▶ [WORK ITEM] Search the material for the word "Rightarrow" and report each line where it turns up.

▶ [DATASET RECORDS]
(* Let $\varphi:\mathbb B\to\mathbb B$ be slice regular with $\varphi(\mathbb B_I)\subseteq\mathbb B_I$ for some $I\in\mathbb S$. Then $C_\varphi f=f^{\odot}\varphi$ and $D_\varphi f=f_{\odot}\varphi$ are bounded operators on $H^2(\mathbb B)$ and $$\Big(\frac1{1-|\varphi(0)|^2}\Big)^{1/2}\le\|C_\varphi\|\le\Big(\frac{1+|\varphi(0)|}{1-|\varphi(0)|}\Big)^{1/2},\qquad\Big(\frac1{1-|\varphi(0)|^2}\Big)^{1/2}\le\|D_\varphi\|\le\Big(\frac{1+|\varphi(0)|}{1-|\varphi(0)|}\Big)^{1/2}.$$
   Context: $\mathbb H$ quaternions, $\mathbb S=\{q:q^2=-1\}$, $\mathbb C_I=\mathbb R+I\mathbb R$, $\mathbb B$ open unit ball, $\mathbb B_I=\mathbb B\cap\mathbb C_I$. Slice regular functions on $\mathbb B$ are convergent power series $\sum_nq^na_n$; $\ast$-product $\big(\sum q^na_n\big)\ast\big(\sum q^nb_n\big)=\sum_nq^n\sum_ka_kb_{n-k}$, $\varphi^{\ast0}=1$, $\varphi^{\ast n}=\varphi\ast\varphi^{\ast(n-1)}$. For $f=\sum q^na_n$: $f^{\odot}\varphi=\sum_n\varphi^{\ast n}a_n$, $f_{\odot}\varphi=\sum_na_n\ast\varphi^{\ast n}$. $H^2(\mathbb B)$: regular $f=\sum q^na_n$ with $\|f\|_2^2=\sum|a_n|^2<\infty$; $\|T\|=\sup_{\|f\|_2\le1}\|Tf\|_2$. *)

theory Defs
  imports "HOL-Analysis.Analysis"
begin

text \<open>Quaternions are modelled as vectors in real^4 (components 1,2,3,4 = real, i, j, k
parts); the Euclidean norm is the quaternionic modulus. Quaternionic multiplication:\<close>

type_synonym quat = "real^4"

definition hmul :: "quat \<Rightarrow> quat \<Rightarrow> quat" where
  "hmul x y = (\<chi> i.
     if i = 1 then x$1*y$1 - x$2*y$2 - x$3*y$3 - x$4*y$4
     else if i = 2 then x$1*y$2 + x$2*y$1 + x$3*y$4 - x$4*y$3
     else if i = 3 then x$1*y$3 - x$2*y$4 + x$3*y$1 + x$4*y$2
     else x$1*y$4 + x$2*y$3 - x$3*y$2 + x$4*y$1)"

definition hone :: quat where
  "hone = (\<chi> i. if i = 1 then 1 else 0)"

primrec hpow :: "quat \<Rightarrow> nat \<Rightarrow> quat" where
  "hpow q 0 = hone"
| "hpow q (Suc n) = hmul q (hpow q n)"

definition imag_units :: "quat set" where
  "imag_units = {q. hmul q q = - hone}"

▶ [TASK OUTPUT]
definition hmul :: "quat \<Rightarrow> quat \<Rightarrow> quat" where
primrec hpow :: "quat \<Rightarrow> nat \<Rightarrow> quat" where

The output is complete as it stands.